Write out exactly the lines of the entries below from the one holding "using assms(2) unfolding" to the one holding "fix i assume", inclusive, and leave out all other lines.

┌──

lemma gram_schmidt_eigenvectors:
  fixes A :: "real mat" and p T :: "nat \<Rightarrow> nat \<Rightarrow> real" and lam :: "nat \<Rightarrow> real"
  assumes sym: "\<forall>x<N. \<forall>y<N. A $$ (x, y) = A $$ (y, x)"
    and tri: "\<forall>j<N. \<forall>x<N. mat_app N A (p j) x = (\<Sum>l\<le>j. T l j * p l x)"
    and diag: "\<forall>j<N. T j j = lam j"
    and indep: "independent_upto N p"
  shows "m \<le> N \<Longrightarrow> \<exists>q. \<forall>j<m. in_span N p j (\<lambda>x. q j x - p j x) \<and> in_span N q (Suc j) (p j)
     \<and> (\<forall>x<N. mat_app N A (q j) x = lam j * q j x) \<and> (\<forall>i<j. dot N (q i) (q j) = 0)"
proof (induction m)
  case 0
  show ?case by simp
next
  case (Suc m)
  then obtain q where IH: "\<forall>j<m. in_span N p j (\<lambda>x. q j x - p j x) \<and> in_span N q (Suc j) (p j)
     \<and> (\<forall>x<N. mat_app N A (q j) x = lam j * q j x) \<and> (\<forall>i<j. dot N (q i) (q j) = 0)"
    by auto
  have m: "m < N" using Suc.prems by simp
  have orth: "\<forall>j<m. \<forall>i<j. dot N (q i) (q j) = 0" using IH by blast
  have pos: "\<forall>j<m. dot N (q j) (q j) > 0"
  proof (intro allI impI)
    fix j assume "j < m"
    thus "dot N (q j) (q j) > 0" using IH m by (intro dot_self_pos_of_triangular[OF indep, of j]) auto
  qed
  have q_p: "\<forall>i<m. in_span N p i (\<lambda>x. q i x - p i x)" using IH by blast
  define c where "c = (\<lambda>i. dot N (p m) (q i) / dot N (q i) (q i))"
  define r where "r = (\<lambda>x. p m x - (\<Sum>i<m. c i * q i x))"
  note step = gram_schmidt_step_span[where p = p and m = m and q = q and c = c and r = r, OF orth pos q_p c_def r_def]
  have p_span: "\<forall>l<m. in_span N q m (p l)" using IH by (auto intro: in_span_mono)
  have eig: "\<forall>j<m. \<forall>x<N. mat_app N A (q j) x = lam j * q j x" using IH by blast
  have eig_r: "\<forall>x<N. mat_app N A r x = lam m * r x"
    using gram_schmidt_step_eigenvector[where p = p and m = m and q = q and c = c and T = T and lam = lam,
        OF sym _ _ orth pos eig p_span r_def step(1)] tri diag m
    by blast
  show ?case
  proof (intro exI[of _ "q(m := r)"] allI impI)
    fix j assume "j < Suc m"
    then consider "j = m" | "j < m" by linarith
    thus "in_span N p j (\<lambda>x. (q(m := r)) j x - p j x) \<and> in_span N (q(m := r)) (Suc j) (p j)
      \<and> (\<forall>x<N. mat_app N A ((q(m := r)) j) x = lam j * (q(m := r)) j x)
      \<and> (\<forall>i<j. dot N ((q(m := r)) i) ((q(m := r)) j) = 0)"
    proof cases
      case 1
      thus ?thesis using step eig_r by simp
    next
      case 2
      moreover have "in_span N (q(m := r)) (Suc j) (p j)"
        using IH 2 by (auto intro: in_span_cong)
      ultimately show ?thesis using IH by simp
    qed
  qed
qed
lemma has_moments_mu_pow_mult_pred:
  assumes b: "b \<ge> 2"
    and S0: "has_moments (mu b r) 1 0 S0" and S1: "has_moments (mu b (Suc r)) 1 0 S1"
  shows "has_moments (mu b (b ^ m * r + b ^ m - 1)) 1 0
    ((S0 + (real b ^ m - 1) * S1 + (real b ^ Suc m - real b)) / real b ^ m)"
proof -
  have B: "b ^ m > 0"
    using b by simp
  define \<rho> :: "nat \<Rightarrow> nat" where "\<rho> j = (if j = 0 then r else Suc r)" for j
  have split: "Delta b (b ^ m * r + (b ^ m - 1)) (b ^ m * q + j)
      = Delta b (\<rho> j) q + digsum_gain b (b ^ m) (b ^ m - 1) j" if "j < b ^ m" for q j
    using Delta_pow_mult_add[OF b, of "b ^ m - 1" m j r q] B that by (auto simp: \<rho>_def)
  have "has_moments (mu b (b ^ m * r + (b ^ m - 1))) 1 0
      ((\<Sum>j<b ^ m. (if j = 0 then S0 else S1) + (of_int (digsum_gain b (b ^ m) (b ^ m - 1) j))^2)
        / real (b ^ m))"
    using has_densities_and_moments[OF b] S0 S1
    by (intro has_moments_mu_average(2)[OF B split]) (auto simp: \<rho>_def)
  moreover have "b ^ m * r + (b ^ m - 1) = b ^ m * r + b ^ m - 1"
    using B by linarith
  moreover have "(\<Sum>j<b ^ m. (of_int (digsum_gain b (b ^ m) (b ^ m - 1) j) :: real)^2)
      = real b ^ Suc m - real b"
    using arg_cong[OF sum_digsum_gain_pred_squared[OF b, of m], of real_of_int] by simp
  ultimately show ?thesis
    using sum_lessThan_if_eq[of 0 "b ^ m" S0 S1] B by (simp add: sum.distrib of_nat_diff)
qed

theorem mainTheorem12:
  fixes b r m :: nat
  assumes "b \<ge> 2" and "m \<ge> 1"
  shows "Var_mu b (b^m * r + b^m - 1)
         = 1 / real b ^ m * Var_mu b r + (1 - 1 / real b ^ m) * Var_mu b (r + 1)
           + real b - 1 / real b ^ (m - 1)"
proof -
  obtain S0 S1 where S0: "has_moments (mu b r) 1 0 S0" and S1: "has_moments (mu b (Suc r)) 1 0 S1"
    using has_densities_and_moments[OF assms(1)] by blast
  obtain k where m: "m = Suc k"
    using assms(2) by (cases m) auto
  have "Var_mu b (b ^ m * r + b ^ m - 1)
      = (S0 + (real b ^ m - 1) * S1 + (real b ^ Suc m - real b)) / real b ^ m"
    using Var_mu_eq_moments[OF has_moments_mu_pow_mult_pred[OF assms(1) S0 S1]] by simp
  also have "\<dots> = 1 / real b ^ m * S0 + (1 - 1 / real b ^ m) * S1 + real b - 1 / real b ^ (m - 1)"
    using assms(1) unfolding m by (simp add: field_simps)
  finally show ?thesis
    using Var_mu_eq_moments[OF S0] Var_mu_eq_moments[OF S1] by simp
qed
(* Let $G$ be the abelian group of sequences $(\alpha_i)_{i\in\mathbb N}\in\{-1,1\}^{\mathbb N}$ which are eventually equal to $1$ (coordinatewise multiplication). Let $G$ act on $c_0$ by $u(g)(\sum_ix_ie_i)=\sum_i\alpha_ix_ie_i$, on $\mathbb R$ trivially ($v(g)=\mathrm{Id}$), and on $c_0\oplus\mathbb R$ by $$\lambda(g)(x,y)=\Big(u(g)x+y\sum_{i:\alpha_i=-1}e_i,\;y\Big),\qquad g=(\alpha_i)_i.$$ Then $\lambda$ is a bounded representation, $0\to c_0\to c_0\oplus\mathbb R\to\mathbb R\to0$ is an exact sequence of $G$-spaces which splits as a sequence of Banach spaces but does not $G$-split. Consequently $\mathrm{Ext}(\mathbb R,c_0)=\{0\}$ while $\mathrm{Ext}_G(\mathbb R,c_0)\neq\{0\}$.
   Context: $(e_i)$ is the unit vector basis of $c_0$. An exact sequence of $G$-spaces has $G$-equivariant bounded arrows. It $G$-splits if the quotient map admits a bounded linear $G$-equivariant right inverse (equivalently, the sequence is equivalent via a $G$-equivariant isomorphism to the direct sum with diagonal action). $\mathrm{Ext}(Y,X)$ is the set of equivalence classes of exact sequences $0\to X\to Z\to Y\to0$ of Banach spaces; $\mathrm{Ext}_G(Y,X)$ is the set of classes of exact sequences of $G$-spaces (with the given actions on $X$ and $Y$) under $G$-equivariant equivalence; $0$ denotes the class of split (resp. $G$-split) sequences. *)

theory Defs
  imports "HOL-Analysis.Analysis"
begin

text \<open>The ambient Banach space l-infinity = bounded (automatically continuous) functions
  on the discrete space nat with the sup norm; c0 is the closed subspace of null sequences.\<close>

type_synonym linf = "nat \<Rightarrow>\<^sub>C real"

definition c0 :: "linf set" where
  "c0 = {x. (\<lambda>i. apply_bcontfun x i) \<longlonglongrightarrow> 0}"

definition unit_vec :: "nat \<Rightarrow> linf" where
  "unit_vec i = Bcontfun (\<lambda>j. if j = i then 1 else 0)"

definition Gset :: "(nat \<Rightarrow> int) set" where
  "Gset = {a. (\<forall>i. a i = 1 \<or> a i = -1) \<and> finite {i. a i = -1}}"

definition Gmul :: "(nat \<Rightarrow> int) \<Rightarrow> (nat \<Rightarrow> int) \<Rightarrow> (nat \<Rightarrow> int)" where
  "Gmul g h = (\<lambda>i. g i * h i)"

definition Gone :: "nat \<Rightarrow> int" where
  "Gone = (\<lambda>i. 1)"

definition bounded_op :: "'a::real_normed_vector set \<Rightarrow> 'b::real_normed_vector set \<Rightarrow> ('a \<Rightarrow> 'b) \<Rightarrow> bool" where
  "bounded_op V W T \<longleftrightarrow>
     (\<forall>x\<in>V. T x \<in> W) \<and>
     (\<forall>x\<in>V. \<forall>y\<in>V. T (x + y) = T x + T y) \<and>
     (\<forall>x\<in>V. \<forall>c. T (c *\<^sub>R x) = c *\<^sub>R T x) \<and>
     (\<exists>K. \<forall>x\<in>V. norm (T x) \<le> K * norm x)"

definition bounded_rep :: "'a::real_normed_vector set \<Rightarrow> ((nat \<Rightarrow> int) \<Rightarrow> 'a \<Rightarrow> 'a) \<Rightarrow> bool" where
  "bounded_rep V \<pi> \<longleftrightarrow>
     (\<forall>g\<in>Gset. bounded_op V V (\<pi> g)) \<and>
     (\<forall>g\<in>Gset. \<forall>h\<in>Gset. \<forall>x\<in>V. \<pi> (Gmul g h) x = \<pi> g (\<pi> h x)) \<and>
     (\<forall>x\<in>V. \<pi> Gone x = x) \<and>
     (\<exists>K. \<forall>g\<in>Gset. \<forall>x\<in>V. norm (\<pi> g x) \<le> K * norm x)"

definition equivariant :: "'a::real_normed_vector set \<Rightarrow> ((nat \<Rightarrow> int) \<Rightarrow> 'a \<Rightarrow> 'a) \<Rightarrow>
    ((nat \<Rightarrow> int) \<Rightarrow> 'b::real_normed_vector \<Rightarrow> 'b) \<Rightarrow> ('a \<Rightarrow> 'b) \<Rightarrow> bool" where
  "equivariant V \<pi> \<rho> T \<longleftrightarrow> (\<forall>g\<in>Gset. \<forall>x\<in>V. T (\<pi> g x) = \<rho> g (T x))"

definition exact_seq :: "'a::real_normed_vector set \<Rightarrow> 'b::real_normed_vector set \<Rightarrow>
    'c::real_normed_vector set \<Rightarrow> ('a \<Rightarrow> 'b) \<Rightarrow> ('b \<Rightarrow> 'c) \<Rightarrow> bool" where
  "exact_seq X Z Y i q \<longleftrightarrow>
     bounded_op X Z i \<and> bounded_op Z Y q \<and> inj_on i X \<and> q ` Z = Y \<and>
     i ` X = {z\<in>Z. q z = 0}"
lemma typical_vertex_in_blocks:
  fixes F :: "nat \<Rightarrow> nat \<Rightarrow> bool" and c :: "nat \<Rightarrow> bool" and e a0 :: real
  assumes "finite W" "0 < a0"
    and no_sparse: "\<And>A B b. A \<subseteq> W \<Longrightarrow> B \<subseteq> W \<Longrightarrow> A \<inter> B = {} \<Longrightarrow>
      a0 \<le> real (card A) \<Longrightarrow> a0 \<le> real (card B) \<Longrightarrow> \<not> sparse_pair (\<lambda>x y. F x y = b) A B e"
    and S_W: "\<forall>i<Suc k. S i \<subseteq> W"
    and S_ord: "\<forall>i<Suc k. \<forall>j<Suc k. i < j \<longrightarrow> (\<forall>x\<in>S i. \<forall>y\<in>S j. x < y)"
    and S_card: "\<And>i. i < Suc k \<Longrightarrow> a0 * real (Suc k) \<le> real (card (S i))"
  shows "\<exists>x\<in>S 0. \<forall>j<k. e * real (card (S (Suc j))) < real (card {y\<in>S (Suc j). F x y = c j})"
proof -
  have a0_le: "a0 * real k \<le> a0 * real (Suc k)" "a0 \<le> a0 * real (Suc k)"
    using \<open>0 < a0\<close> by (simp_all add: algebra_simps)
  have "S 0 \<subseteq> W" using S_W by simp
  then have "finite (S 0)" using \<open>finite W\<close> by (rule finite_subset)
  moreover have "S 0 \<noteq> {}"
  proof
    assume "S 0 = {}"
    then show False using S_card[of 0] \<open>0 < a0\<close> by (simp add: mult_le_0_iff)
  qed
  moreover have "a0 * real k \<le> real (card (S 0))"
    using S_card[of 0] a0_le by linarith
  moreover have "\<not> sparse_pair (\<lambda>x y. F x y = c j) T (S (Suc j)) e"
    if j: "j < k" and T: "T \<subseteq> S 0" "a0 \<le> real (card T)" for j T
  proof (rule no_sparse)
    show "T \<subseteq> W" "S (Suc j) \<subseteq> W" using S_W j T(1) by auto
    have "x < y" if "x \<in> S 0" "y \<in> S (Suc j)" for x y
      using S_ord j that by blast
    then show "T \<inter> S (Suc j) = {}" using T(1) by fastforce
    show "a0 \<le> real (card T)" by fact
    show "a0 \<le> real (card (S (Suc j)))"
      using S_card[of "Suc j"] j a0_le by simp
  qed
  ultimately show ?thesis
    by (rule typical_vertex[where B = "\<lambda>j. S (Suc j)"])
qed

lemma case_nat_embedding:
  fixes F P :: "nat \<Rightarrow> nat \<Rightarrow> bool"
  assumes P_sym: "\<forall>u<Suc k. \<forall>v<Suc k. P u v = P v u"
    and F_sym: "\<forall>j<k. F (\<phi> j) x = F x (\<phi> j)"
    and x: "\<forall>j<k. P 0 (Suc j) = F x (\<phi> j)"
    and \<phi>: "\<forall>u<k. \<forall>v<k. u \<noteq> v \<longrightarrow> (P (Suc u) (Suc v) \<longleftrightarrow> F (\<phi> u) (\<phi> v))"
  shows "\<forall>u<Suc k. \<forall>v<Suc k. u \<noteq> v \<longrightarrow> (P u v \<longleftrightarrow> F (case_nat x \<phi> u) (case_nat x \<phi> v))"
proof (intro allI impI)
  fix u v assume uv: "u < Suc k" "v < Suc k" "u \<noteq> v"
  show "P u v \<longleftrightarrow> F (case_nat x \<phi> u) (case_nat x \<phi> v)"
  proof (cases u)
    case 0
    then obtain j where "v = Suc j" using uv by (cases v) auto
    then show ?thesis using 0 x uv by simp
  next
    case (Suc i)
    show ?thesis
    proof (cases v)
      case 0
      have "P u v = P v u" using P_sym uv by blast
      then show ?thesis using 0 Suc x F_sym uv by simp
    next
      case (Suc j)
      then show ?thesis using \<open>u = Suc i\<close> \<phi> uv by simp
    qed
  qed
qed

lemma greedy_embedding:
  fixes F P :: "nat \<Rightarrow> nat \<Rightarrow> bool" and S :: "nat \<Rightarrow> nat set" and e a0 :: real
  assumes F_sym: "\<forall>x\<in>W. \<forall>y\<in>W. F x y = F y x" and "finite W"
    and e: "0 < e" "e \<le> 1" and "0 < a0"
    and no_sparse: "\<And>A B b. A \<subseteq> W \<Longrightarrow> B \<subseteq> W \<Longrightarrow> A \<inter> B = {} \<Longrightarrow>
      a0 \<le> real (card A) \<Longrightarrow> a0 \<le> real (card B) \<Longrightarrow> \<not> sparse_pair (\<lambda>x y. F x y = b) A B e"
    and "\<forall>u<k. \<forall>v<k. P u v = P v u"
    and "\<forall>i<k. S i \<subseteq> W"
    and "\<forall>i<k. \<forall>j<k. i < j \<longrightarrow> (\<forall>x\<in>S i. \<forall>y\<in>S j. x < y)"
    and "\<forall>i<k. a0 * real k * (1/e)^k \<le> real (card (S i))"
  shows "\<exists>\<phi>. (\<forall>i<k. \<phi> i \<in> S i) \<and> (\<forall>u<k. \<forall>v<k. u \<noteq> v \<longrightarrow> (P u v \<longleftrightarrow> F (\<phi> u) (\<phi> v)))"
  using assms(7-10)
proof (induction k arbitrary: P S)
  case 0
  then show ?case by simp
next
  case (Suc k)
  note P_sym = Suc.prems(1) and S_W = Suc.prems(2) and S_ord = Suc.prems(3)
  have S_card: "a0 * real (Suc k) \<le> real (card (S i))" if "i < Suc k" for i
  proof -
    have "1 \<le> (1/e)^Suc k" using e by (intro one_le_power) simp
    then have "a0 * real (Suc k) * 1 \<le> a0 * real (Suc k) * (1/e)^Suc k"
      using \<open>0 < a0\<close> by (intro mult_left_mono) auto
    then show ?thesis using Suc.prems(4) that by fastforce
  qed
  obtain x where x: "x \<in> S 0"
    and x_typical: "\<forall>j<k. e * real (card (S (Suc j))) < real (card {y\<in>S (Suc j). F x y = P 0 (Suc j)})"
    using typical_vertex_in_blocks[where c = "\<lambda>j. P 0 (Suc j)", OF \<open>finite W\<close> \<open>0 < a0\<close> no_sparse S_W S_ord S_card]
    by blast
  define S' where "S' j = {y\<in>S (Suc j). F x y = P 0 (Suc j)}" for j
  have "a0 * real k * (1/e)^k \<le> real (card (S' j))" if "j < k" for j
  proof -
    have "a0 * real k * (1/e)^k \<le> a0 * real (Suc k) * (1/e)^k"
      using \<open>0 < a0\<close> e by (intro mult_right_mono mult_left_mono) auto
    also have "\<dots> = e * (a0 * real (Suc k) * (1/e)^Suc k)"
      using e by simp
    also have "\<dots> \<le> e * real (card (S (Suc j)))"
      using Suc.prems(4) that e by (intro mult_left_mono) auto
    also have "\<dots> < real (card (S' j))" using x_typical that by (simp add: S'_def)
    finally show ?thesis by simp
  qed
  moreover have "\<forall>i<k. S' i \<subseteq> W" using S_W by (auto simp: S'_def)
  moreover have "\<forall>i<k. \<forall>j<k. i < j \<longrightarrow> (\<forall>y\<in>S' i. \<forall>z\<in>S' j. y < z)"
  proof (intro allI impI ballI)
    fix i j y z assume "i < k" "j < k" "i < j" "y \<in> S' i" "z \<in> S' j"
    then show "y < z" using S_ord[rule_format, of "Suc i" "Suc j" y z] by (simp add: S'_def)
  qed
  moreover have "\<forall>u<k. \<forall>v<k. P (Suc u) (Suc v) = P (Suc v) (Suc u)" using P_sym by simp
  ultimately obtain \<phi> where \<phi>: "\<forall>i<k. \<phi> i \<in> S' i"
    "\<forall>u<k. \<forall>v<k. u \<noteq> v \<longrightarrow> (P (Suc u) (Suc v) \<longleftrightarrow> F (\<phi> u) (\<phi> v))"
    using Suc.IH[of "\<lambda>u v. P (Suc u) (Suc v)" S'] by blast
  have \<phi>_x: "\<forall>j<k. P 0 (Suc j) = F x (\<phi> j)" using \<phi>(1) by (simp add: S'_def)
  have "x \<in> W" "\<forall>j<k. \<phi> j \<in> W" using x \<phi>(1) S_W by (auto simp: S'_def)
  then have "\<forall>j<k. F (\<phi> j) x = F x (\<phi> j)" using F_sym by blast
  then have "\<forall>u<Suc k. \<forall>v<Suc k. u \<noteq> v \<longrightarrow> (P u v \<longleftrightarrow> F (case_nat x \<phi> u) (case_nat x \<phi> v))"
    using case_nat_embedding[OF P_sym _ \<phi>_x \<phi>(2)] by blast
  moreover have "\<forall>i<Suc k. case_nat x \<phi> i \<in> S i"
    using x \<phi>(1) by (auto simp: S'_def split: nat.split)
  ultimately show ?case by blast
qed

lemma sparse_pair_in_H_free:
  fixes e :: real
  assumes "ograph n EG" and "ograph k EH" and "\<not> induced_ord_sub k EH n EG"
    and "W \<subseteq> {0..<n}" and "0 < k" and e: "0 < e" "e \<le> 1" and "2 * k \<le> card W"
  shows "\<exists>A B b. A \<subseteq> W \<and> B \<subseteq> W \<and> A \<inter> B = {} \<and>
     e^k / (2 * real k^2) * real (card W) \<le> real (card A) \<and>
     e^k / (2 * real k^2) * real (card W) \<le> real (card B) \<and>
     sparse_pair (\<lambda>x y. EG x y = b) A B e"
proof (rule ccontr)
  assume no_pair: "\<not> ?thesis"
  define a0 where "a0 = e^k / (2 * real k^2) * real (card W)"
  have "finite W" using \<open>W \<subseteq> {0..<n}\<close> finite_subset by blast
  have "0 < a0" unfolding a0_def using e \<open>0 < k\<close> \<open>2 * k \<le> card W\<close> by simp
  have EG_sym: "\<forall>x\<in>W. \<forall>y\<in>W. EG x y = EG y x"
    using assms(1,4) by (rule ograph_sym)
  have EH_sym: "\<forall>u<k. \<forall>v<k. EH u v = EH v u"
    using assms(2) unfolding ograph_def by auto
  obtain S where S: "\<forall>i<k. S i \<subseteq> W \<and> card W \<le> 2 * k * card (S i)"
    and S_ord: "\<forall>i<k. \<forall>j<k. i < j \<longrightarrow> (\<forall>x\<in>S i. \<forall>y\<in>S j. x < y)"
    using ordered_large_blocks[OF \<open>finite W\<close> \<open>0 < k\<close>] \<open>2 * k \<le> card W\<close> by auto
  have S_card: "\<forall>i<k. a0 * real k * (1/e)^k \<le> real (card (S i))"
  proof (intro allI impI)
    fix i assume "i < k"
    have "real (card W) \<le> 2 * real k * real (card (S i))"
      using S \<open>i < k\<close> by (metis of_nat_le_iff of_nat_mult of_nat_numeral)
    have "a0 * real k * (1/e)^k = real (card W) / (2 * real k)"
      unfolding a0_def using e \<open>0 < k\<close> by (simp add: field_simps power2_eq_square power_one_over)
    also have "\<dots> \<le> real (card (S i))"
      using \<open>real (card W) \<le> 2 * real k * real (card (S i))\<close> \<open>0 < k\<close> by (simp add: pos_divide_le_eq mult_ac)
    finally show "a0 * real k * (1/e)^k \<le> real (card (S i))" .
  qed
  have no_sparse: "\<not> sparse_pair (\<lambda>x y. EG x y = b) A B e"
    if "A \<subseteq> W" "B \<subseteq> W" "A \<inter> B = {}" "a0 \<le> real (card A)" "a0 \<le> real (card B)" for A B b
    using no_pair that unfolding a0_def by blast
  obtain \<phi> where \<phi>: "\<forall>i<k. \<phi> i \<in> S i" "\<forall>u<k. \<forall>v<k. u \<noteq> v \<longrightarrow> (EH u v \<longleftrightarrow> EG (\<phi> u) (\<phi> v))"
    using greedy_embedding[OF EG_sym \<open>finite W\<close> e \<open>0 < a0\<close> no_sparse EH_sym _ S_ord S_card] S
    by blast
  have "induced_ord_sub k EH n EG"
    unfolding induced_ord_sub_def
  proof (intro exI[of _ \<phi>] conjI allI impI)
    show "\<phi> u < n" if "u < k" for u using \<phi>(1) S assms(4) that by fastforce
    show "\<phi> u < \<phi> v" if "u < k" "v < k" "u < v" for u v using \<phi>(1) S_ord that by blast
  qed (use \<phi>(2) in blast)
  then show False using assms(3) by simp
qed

└──

Response area =>
    using assms(2) unfolding ograph_def by auto
  obtain S where S: "\<forall>i<k. S i \<subseteq> W \<and> card W \<le> 2 * k * card (S i)"
    and S_ord: "\<forall>i<k. \<forall>j<k. i < j \<longrightarrow> (\<forall>x\<in>S i. \<forall>y\<in>S j. x < y)"
    using ordered_large_blocks[OF \<open>finite W\<close> \<open>0 < k\<close>] \<open>2 * k \<le> card W\<close> by auto
  have S_card: "\<forall>i<k. a0 * real k * (1/e)^k \<le> real (card (S i))"
  proof (intro allI impI)
    fix i assume "i < k"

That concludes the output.